══ Records to use ══
theorem mainTheorem7:
  fixes t l m :: nat
    and g :: "real \<Rightarrow> complex"
    and \<sigma> :: "nat \<Rightarrow> real"
    and v :: "nat \<Rightarrow> complex"
    and a :: "nat \<Rightarrow> nat \<Rightarrow> real \<Rightarrow> complex"
  assumes "t \<ge> 1" and "l \<ge> 1" and "m \<ge> 1"
    and "arc g"
    and "partition_params \<sigma> m" and "\<sigma> 0 = 0" and "\<sigma> m = 1"
    and "\<forall>i\<in>{1..l}. \<forall>j\<in>{1..m}. arc (a i j)"
    and "\<forall>i\<in>{1..l}. grounded g \<sigma> m (v i) (a i)"
    and "\<forall>i\<in>{1..l}. \<forall>j\<in>{1..m}.
           finite (path_image (a i j) \<inter> path_image g) \<and>
           card (path_image (a i j) \<inter> path_image g) \<le> t"
  shows "\<exists>J :: nat \<Rightarrow> nat. \<exists>\<tau> :: nat \<Rightarrow> real.
           (let r = nat \<lfloor>iter_log (real t + 1) (2 * l) (real m)\<rfloor> in
             (\<forall>s\<in>{1..r}. 1 \<le> J s \<and> J s \<le> m) \<and>
             (\<forall>s\<in>{1..<r}. J s < J (Suc s)) \<and>
             partition_params \<tau> r \<and>
             (\<forall>i\<in>{1..l}. well_grounded g \<tau> r (v i) (\<lambda>s. a i (J s))) \<and>
             (\<forall>s\<in>{1..r}. piece g \<sigma> (J s) \<subseteq> piece g \<tau> s))"
proof -
  define r where "r = nat \<lfloor>iter_log (real t + 1) (2 * l) (real m)\<rfloor>"
  define P where "P i j = {x\<in>{0..1}. g x \<in> path_image (a i j)}" for i j
  note blocks = ordered_blocks_partition_params[OF \<open>partition_params \<sigma> m\<close>]
  have "\<forall>i\<in>{1..l}. \<forall>j\<in>{1..m}. finite (P i j) \<and> card (P i j - {\<sigma> (j - 1)..\<sigma> j}) \<le> t - 1"
    using grounded_preimage_counts[OF assms(4,5)] assms(9,10) unfolding P_def by blast
  moreover have "(selection_bound (t - 1) ^^ (2 * card {1..l})) r \<le> card {1..m}"
    using funpow_selection_bound_floor_iter_log_le[where D = "t - 1" and k = "2 * l"] \<open>t \<ge> 1\<close>
    by (simp add: r_def of_nat_diff add.commute)
  ultimately obtain J \<tau> where J: "\<forall>s\<in>{1..r}. J s \<in> {1..m}" "strict_mono_on {1..r} J"
    and "partition_params \<tau> r" and around: "\<forall>s\<in>{1..r}. \<tau> (s - 1) \<le> \<sigma> (J s - 1) \<and> \<sigma> (J s) \<le> \<tau> s"
    and separated: "\<forall>i\<in>{1..l}. \<forall>s\<in>{1..r}. \<forall>p\<in>P i (J s). \<tau> 0 \<le> p \<and> p \<le> \<tau> r \<longrightarrow> \<tau> (s - 1) \<le> p \<and> p \<le> \<tau> s"
    using obtain_separated_subpartition[OF finite_atLeastAtMost finite_atLeastAtMost blocks] by blast
  have "well_grounded g \<tau> r (v i) (\<lambda>s. a i (J s))" if "i \<in> {1..l}" for i
    using well_grounded_subfan[of g \<sigma> m "v i" "a i", OF _ assms(6,7) \<open>partition_params \<tau> r\<close>]
      assms(9) that J(1) around separated unfolding P_def by blast
  moreover have "J s < J (Suc s)" if "s \<in> {1..<r}" for s
    using that by (intro strict_mono_onD[OF J(2)]) auto
  ultimately show ?thesis using J(1) around \<open>partition_params \<tau> r\<close>
    unfolding r_def[symmetric] Let_def by (intro exI[of _ J] exI[of _ \<tau>]) (auto simp: piece_mono)
qed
═══
Problem requirements: Everything from the line with "grounded g \<sigma>" through the line with "r \<le> card" should be written out exactly as it appears above, end lines included, and nothing outside that range.

Result:
    and "\<forall>i\<in>{1..l}. grounded g \<sigma> m (v i) (a i)"
    and "\<forall>i\<in>{1..l}. \<forall>j\<in>{1..m}.
           finite (path_image (a i j) \<inter> path_image g) \<and>
           card (path_image (a i j) \<inter> path_image g) \<le> t"
  shows "\<exists>J :: nat \<Rightarrow> nat. \<exists>\<tau> :: nat \<Rightarrow> real.
           (let r = nat \<lfloor>iter_log (real t + 1) (2 * l) (real m)\<rfloor> in
             (\<forall>s\<in>{1..r}. 1 \<le> J s \<and> J s \<le> m) \<and>
             (\<forall>s\<in>{1..<r}. J s < J (Suc s)) \<and>
             partition_params \<tau> r \<and>
             (\<forall>i\<in>{1..l}. well_grounded g \<tau> r (v i) (\<lambda>s. a i (J s))) \<and>
             (\<forall>s\<in>{1..r}. piece g \<sigma> (J s) \<subseteq> piece g \<tau> s))"
proof -
  define r where "r = nat \<lfloor>iter_log (real t + 1) (2 * l) (real m)\<rfloor>"
  define P where "P i j = {x\<in>{0..1}. g x \<in> path_image (a i j)}" for i j
  note blocks = ordered_blocks_partition_params[OF \<open>partition_params \<sigma> m\<close>]
  have "\<forall>i\<in>{1..l}. \<forall>j\<in>{1..m}. finite (P i j) \<and> card (P i j - {\<sigma> (j - 1)..\<sigma> j}) \<le> t - 1"
    using grounded_preimage_counts[OF assms(4,5)] assms(9,10) unfolding P_def by blast
  moreover have "(selection_bound (t - 1) ^^ (2 * card {1..l})) r \<le> card {1..m}"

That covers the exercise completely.